In general, post-harvest losses of fruits and vegetables are influence by many factors. These factors include losses due to physical, physiological, mechanical and hygienic conditions. Fruits and vegetables are mainly characterized by high level metabolic activities and known to posse’s short shelf life. As a result of these factors, substantial percentage of loss occurs between harvesting to consumption of the produce. In addition, other factors such as insect and mite injury, diseases which occur due to non-infectious pathogens and pathological rots also cause post-harvest loss of fruits and vegetables. However, among the causes, the pathological rots are the most serious which is followed by mechanical injury. Pathological rots in combination with mechanical damage cause serious damage to the perishables. Environmental factors such as temperature, relative humidity and oxygen balance most especially during storage are also greatly responsible for damage also environmental conditions such as temperature and humidity are responsible for rendering fruits and vegetables susceptible for pathological attacks. However, the loss of fruits and vegetables due to physiological and biochemical damage are closely interrelated.
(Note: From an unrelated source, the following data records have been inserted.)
(* Let $d\ge1$, consider the Gaussian broadcast model on $P=\mathbb Z_{\ge0}^{d+1}$ with $\alpha_i\in(0,1/i]$ for every $i\in\{1,\dots,d+1\}$, fix $t\ge0$ and reals $a_u$ ($u\in L_t$), not all zero, and let $\zeta=\sum_{u\in L_t}a_uX_u$. Extend $a$ to all $v\in L_m$, $0\le m\le t$, by $a_v:=\sum_{u\in L_t}p(v\to u)\,a_u$. Then (a) $\operatorname{Var}(\zeta)=a_{\mathbf 0}^2+\sum_{m=1}^t\sum_{w\in L_m}|\mathfrak p(w)|\,\alpha_{|\mathfrak p(w)|}^2\,a_w^2$; (b) $\frac1{C^2}\sum_{m=0}^t\sum_{v\in L_m}a_v^2\le\operatorname{Var}(\zeta)\le\sum_{m=0}^t\sum_{v\in L_m}a_v^2$, where $C:=\max_{i\in[d+1]}i^{-1/2}\alpha_i^{-1}$.
   Context: Gaussian broadcast model on the finite model: $P=\mathbb{Z}_{\ge0}^{d+1}$ with $u\le v$ iff $v-u\in\mathbb{Z}_{\ge0}^{d+1}$; $L_t$ = tuples with coordinate sum $t$; $\mathfrak p(v)$ = set of elements covered by $v$ (the $v-e_i$ with $v_i>0$), so $|\mathfrak p(v)|$ is the number of positive coordinates; $\mathbf 0$ is the minimal element. Let $X_0\sim\mathcal N(0,1)$, independently i.i.d. $W_{u\to v}\sim\mathcal N(0,1)$ for covering pairs $u\lessdot v$, $X_{\mathbf 0}=X_0$, and $X_v=\alpha_{|\mathfrak p(v)|}\sum_{u\in\mathfrak p(v)}(X_u+W_{u\to v})$ for $v\ne\mathbf 0$. Path weights: each covering pair $u\lessdot v$ gives a directed edge $u\to v$ of weight $\alpha_{|\mathfrak p(v)|}$; for $u,v\in P$, $p(u\to v)$ is the sum over all directed paths (saturated chains) from $u$ to $v$ of the product of edge weights, with $p(v\to v)=1$ and $p(u\to v)=0$ if $u\not\le v$. *)

theory Defs
  imports "HOL-Probability.Probability"
begin

text \<open>Elements of P = Z_{>=0}^{d+1} are represented as lists of naturals of length d+1.
  The partial order is coordinatewise; covering pairs are u = v - e_i with v_i > 0.\<close>

definition pos_coords :: "nat list \<Rightarrow> nat set" where
  "pos_coords v = {i. i < length v \<and> 0 < v ! i}"

definition parents :: "nat list \<Rightarrow> nat list set" where
  "parents v = (\<lambda>i. v[i := v ! i - 1]) ` pos_coords v"

definition level :: "nat \<Rightarrow> nat \<Rightarrow> nat list set" where
  "level d t = {v. length v = Suc d \<and> sum_list v = t}"

lemma parents_sum_less:
  assumes "u \<in> parents v" shows "sum_list u < sum_list v"
proof -
  obtain i where i: "i < length v" "0 < v ! i" and u: "u = v[i := v ! i - 1]"
    using assms by (auto simp: parents_def pos_coords_def)
  have "sum_list v = sum_list (take i v) + v ! i + sum_list (drop (Suc i) v)"
    using i by (metis id_take_nth_drop sum_list.Cons sum_list_append add.assoc)
  moreover have "sum_list u = sum_list (take i v) + (v ! i - 1) + sum_list (drop (Suc i) v)"
    using i unfolding u by (simp add: upd_conv_take_nth_drop)
  ultimately show ?thesis using i by simp
qed

function Xproc :: "(nat \<Rightarrow> real) \<Rightarrow> ('a \<Rightarrow> real) \<Rightarrow> (nat list \<times> nat list \<Rightarrow> 'a \<Rightarrow> real)
    \<Rightarrow> nat list \<Rightarrow> 'a \<Rightarrow> real" where
  "Xproc \<alpha> X0 W v \<omega> =
     (if sum_list v = 0 then X0 \<omega>
      else \<alpha> (card (parents v)) * (\<Sum>u\<in>parents v. Xproc \<alpha> X0 W u \<omega> + W (u, v) \<omega>))"
  by pat_completeness auto
termination
  by (relation "Wellfounded.measure (\<lambda>(\<alpha>, X0, W, v, \<omega>). sum_list v)") (auto intro: parents_sum_less)

declare Xproc.simps[simp del]

definition chains :: "nat list \<Rightarrow> nat list \<Rightarrow> nat list list set" where
  "chains u v = {xs. xs \<noteq> [] \<and> hd xs = u \<and> last xs = v \<and>
      (\<forall>i. Suc i < length xs \<longrightarrow> xs ! i \<in> parents (xs ! Suc i))}"

definition chain_weight :: "(nat \<Rightarrow> real) \<Rightarrow> nat list list \<Rightarrow> real" where
  "chain_weight \<alpha> xs = (\<Prod>i<length xs - 1. \<alpha> (card (parents (xs ! Suc i))))"

definition path_weight :: "(nat \<Rightarrow> real) \<Rightarrow> nat list \<Rightarrow> nat list \<Rightarrow> real" where
  "path_weight \<alpha> u v = (\<Sum>xs\<in>chains u v. chain_weight \<alpha> xs)"

definition edges :: "nat \<Rightarrow> (nat list \<times> nat list) set" where
  "edges d = {(u, v). length v = Suc d \<and> u \<in> parents v}"

end

theory Submission
  imports Defs
begin

text \<open>Unrolling the recursion writes every \<open>X\<^sub>v\<close> as a linear combination of the independent
  standard Gaussians \<open>X\<^sub>0\<close> and \<open>W\<^sub>u\<^sub>\<rightarrow>\<^sub>w\<close>: the noise \<open>W\<^sub>u\<^sub>\<rightarrow>\<^sub>w\<close> enters \<open>X\<^sub>w\<close> with factor
  \<open>\<alpha>\<^bsub>|p(w)|\<^esub>\<close> and then propagates to \<open>X\<^sub>v\<close> with weight \<open>p(w\<rightarrow>v)\<close>, because path weights satisfy
  the same recursion as the process (split a chain at its last edge).  Hence \<open>\<zeta>\<close> has
  coefficient \<open>a\<^sub>0\<close> on \<open>X\<^sub>0\<close> and \<open>\<alpha>\<^bsub>|p(w)|\<^esub> a\<^sub>w\<close> on each of the \<open>|p(w)|\<close> edges into \<open>w\<close>, and its
  variance is the sum of the squared coefficients.  The bounds follow from
  \<open>1/C\<^sup>2 \<le> i \<alpha>\<^sub>i\<^sup>2 \<le> 1\<close>.\<close>

section \<open>Linear combinations of independent standard normals\<close>

context prob_space
begin

lemma std_normal_distributed_integrable:
  assumes "distributed M lborel X std_normal_density"
  shows "integrable M X"
  using distributed_integrable[OF assms, of "\<lambda>x. x"] integrable_std_normal_moment[of 1]
  by simp

lemma std_normal_distributed_integrable_square:
  assumes "distributed M lborel X std_normal_density"
  shows "integrable M (\<lambda>x. (X x)\<^sup>2)"
  using distributed_integrable[OF assms, of "\<lambda>x. x\<^sup>2"] integrable_std_normal_moment[of 2]
  by simp

lemma std_normal_distributed_second_moment:
  assumes "distributed M lborel X std_normal_density"
  shows "expectation (\<lambda>x. (X x)\<^sup>2) = 1"
  using standard_normal_distributed_variance[OF assms]
    standard_normal_distributed_expectation[OF assms] by simp

lemma indep_vars_imp_indep_var:
  assumes "indep_vars (\<lambda>_. borel) Y I" "i \<in> I" "j \<in> I" "i \<noteq> j"
  shows "indep_var borel (Y i) borel (Y j)"
proof -
  have "indep_var (PiM {i} (\<lambda>_. borel)) (\<lambda>\<omega>. restrict (\<lambda>k. Y k \<omega>) {i})
                  (PiM {j} (\<lambda>_. borel)) (\<lambda>\<omega>. restrict (\<lambda>k. Y k \<omega>) {j})"
    using assms by (intro indep_var_restrict) auto
  from indep_var_compose[OF this, of "\<lambda>f. f i" borel "\<lambda>f. f j" borel]
  show ?thesis by (simp add: comp_def)
qed

lemma expectation_indep_std_normal_product:
  assumes "indep_vars (\<lambda>_. borel) Y I" "i \<in> I" "j \<in> I"
    and std: "\<And>i. i \<in> I \<Longrightarrow> distributed M lborel (Y i) std_normal_density"
  shows "integrable M (\<lambda>\<omega>. Y i \<omega> * Y j \<omega>)"
    and "expectation (\<lambda>\<omega>. Y i \<omega> * Y j \<omega>) = (if i = j then 1 else 0)"
proof -
  have int: "integrable M (Y k)" if "k \<in> I" for k
    using std_normal_distributed_integrable[OF std[OF that]] .
  have "integrable M (\<lambda>\<omega>. Y i \<omega> * Y j \<omega>) \<and>
        expectation (\<lambda>\<omega>. Y i \<omega> * Y j \<omega>) = (if i = j then 1 else 0)"
  proof (cases "i = j")
    case True
    have "integrable M (\<lambda>\<omega>. (Y i \<omega>)\<^sup>2)" "expectation (\<lambda>\<omega>. (Y i \<omega>)\<^sup>2) = 1"
      using std_normal_distributed_integrable_square[OF std] std_normal_distributed_second_moment[OF std]
        assms(2) by blast+
    then show ?thesis using True by (simp add: power2_eq_square)
  next
    case False
    have ij: "indep_var borel (Y i) borel (Y j)"
      using indep_vars_imp_indep_var[OF assms(1-3) False] .
    have "expectation (Y i) = 0" "expectation (Y j) = 0"
      using standard_normal_distributed_expectation[OF std] assms(2,3) by blast+
    then show ?thesis
      using indep_var_integrable[OF ij] indep_var_lebesgue_integral[OF ij] int assms(2,3) False
      by simp
  qed
  then show "integrable M (\<lambda>\<omega>. Y i \<omega> * Y j \<omega>)"
    and "expectation (\<lambda>\<omega>. Y i \<omega> * Y j \<omega>) = (if i = j then 1 else 0)" by simp_all
qed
Challenges of postharvest quality and shelf life fruits and vegetables

After harvesting, the fruit and vegetable still remains alive and performs all functions of a living tissue. The climacteric burst of ethylene which makes the fruit palatable also triggers senescence and subsequent ripening in the fruits. The goal of any postharvest handling practice or treatment is to manage the concentration and timing of ethylene synthesis so that the fruit reaches the consumer at optimal eating quality.

Temperature: Temperature is the most important environmental factor which influences the postharvest life of a produce. The optimum storage temperature of commodities is differing among not only commodities but for species. Typically, for every increase of 10°C, the rate of deterioration increases between 2-and 3-fold. Proper temperature management between the period of harvesting and consumption has been found to be the most effective way to maintain quality. Keeping harvested fruit and vegetable cool at low temperatures of about 20°C will slow down many metabolic activities which lead to ripening; hence, allowing more time for all the postharvest handling of the produce. Generally, one hour of delay between harvesting the crop and cooling it will lead to one day loss of shelf life. Respiration and metabolic activities within harvested climacteric fruits like tomatoes are directly related to the temperatures of the ambient environment. High temperatures can hasten the rate of respiration (CO₂ production) in harvested or stored fruits products. CO₂ production in stored climacteric products like tomatoes can trigger ethylene production although this depends on other factors like O₂ or CO₂ levels, exposure time, and ripening stage. Minute amounts of ethylene can cause ripening in fruits even at levels of tens of nL per L. Heat stored in field-harvested fruits is a major source of high temperatures in fruits. Therefore, the time of the day at which harvesting is done must be considered to avoid excessive field heat which can cause more rapid deterioration in the harvested fruits.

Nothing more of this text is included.